TRY IT -
Wherever a line of the data contains "lemma", copy that line.

Collected data -
lemma cycle_adj_iff:
  "a < N \<Longrightarrow> b < N \<Longrightarrow> cycle_adj N a b \<longleftrightarrow> b = Suc a mod N \<or> b = cycle_pred N a"
  unfolding cycle_adj_def cycle_pred_def by (auto simp: Suc_mod_eq_if)

lemma cycle_neighbours_distinct:
  assumes "3 \<le> N" "a < N"
  shows "Suc a mod N \<noteq> a" "cycle_pred N a \<noteq> a" "Suc a mod N \<noteq> cycle_pred N a"
  using assms unfolding cycle_pred_def by (auto simp: Suc_mod_eq_if)

lemma cycle_adj_iff_cases: "2 \<le> N \<Longrightarrow> a < N \<Longrightarrow> b < N \<Longrightarrow>
   cycle_adj N a b \<longleftrightarrow> b = a + 1 \<or> a = b + 1 \<or> (a = N - 1 \<and> b = 0) \<or> (b = N - 1 \<and> a = 0)"
  unfolding cycle_adj_def by (auto simp: Suc_mod_eq_if)

lemma cycle_clique_adj_encode:
  assumes "a < N" "b < N" "l < q" "l' < q"
  shows "cycle_clique_adj N q (a + N * l) (b + N * l') \<longleftrightarrow>
    (l = l' \<and> cycle_adj N a b) \<or> (a = b \<and> l \<noteq> l')"
  using assms by (simp add: cycle_clique_adj_def encode_less_mult)

lemma simple_graph_cycle_clique:
  assumes "2 \<le> N" "0 < q"
  shows "simple_graph (cycle_clique N q)"
proof -
  have "\<not> cycle_adj N a a" if "a < N" for a
    using that assms by (auto simp: cycle_adj_def Suc_mod_eq_if)
  then show ?thesis
    unfolding simple_graph_def cycle_clique_def cycle_clique_adj_def
    using assms by (auto simp: cycle_adj_def lessThan_empty_iff)
qed

lemma cycle_clique_vertexE:
  assumes "v \<in> fst (cycle_clique N q)"
  obtains c l where "c < N" "l < q" "v = c + N * l"
proof
  have "0 < N" using assms by (cases N) (auto simp: cycle_clique_def)
  then show "v mod N < N" "v div N < q" "v = v mod N + N * (v div N)"
    using assms less_mult_iff_div_less by (auto simp: cycle_clique_def)
qed

lemma mem_nbhd_cycle_clique_encode:
  assumes c: "c < N" and b: "b < N" and l: "l < q"
  shows "b + N * l' \<in> nbhd (cycle_clique N q) (c + N * l) \<longleftrightarrow>
    l' < q \<and> ((l = l' \<and> cycle_adj N c b) \<or> (c = b \<and> l \<noteq> l'))"
proof -
  have "b + N * l' \<in> nbhd (cycle_clique N q) (c + N * l) \<longleftrightarrow>
      l' < q \<and> cycle_clique_adj N q (c + N * l) (b + N * l')"
    using less_mult_iff_div_less[of N "b + N * l'" q] b by (auto simp: nbhd_def cycle_clique_def)
  then show ?thesis using cycle_clique_adj_encode[OF c b l] by blast
qed
lemma inj_on_fun_upd_None: "inj_on (\<lambda>p. p(w := y)) {p. p w = None}"
proof (rule inj_onI)
  fix p p' assume "p \<in> {p. p w = None}" "p' \<in> {p. p w = None}" "p(w := y) = p'(w := y)"
  then have "(p(w := y))(w := None) = (p'(w := y))(w := None)" "p w = None" "p' w = None" by simp_all
  then show "p = p'" by (simp add: fun_upd_idem)
qed

lemma rot_adj_add_root:
  assumes "w \<in> S" "q \<notin> Some ` S"
    and p: "p \<in> st_set E (S - {w}) (Some w)" and p': "p' \<in> st_set E (S - {w}) (Some w)"
    and "rot_adj E p p'"
  shows "rot_adj E (p(w := q)) (p'(w := q))"
proof -
  have "p w = None" "p' w = None" by (simp_all add: st_set_outside[OF p] st_set_outside[OF p'])
  with \<open>rot_adj E p p'\<close> have "p(w := q) \<noteq> p'(w := q)"
    using inj_on_fun_upd_None[of w q] unfolding rot_adj_def inj_on_def by blast
  moreover have "rotation_step E p p' \<or> rotation_step E p' p"
    using \<open>rot_adj E p p'\<close> unfolding rot_adj_def by blast
  then have "rotation_step E (p(w := q)) (p'(w := q)) \<or> rotation_step E (p'(w := q)) (p(w := q))"
    using rotation_step_add_root[OF assms(1,2) p p'] rotation_step_add_root[OF assms(1,2) p' p] by blast
  ultimately show ?thesis unfolding rot_adj_def by blast
qed

lemma st_set_add_root:
  assumes "w \<in> S" "connected_in E (S - {w})" "p \<in> st_set E (S - {w}) (Some w)"
  shows "p(w := q) \<in> st_set E S q"
proof -
  have "st E (S - {w}) (Some w) p" using assms(3) unfolding st_set_def by blast
  then have "st E (S - {w}) (Some w) (p(w := q))" by (rule st_cong) simp
  with assms(1,2) have "st E S q (p(w := q))"
    by (intro st.node[of w]) (simp_all add: comps_connected)
  moreover have "a \<notin> S \<Longrightarrow> (p(w := q)) a = None" for a
    using assms(1) st_set_outside[OF assms(3)] by auto
  ultimately show ?thesis unfolding st_set_def by blast
qed
lemma dirichlet_solution_unique:
  fixes w w' f :: "real \<Rightarrow> real"
  assumes f: "continuous_on UNIV f" and "l \<noteq> 0"
    and w': "\<And>t. (w has_real_derivative w' t) (at t)"
    and w'': "\<And>t. (w' has_real_derivative f t) (at t)"
    and "w 0 = 0" "w l = 0"
  shows "w = dirichlet_solution l f"
proof
  fix t
  obtain W' where W': "\<And>t. (dirichlet_solution l f has_real_derivative W' t) (at t)"
    and W'': "\<And>t. (W' has_real_derivative f t) (at t)"
    using dirichlet_solution_second_derivative[OF f] by blast
  define h where "h t = w t - dirichlet_solution l f t" for t
  have affine: "h s = h 0 + (w' 0 - W' 0) * (s - 0)" for s
    unfolding h_def
    by (rule affine_of_second_derivative_zero) (use w' w'' W' W'' in \<open>auto intro!: derivative_eq_intros\<close>)
  have "h 0 = 0" "h l = 0"
    unfolding h_def using assms(5,6) dirichlet_solution_at_zero[OF f] dirichlet_solution_at_endpoint[OF \<open>l \<noteq> 0\<close>]
    by simp_all
  with affine[of l] \<open>l \<noteq> 0\<close> have "w' 0 - W' 0 = 0" by simp
  with affine[of t] \<open>h 0 = 0\<close> show "w t = dirichlet_solution l f t" unfolding h_def by simp
qed
lemma G_paths_eq:
  assumes "d \<ge> 1"
  shows "G_paths d s = (\<lambda>ps. ps @ [True]) ` confined_paths (-1) (int d - 1) (2 * s + d - 1) (int d - 1)"
proof (intro equalityI subsetI)
  fix ps assume "ps \<in> G_paths d s"
  then have len: "length ps = 2 * s + d" and end_pt: "path_pt ps (length ps) = (int s, int (s + d))"
    and window: "\<And>k. k < length ps \<Longrightarrow> height (take k ps) \<in> {-1..int d - 1}"
    unfolding G_paths_def path_pt_in_window_iff by auto
  obtain xs b where ps_eq: "ps = xs @ [b]"
    using len assms by (metis add_is_0 length_0_conv not_one_le_zero rev_exhaust)
  have "stays_in (-1) (int d - 1) xs"
    unfolding stays_in_def using window by (auto simp: ps_eq)
  moreover have "height ps = int d"
    using end_pt unfolding path_pt_def height_def by auto
  moreover have "height xs \<le> int d - 1"
    using window[of "length xs"] by (simp add: ps_eq)
  ultimately have "b" "xs \<in> confined_paths (-1) (int d - 1) (2 * s + d - 1) (int d - 1)"
    using len by (auto simp: ps_eq height_snoc confined_paths_def split: if_splits)
  then show "ps \<in> (\<lambda>ps. ps @ [True]) ` confined_paths (-1) (int d - 1) (2 * s + d - 1) (int d - 1)"
    by (simp add: ps_eq)
next
  fix ps
  assume "ps \<in> (\<lambda>ps. ps @ [True]) ` confined_paths (-1) (int d - 1) (2 * s + d - 1) (int d - 1)"
  then obtain xs where ps_eq: "ps = xs @ [True]"
    and xs: "xs \<in> confined_paths (-1) (int d - 1) (2 * s + d - 1) (int d - 1)" by blast
  have "int (length (filter Not xs)) = int s" "int (length (filter id xs)) = int s + int d - 1"
    using xs length_eq_height[of xs] assms
    by (auto simp: confined_paths_def height_def)
  then have "path_pt ps (length ps) = (int s, int (s + d))"
    by (simp add: ps_eq path_pt_def)
  moreover have "height (take k ps) \<in> {-1..int d - 1}" if "k < length ps" for k
    using xs that unfolding confined_paths_def stays_in_def by (auto simp: ps_eq)
  ultimately show "ps \<in> G_paths d s"
    using xs assms unfolding G_paths_def path_pt_in_window_iff by (auto simp: ps_eq confined_paths_def)
qed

PROBLEM SOLUTION -
lemma cycle_adj_iff:
lemma cycle_neighbours_distinct:
lemma cycle_adj_iff_cases: "2 \<le> N \<Longrightarrow> a < N \<Longrightarrow> b < N \<Longrightarrow>
lemma cycle_clique_adj_encode:
lemma simple_graph_cycle_clique:
lemma cycle_clique_vertexE:
lemma mem_nbhd_cycle_clique_encode:
lemma inj_on_fun_upd_None: "inj_on (\<lambda>p. p(w := y)) {p. p w = None}"
lemma rot_adj_add_root:
lemma st_set_add_root:
lemma dirichlet_solution_unique:
lemma G_paths_eq:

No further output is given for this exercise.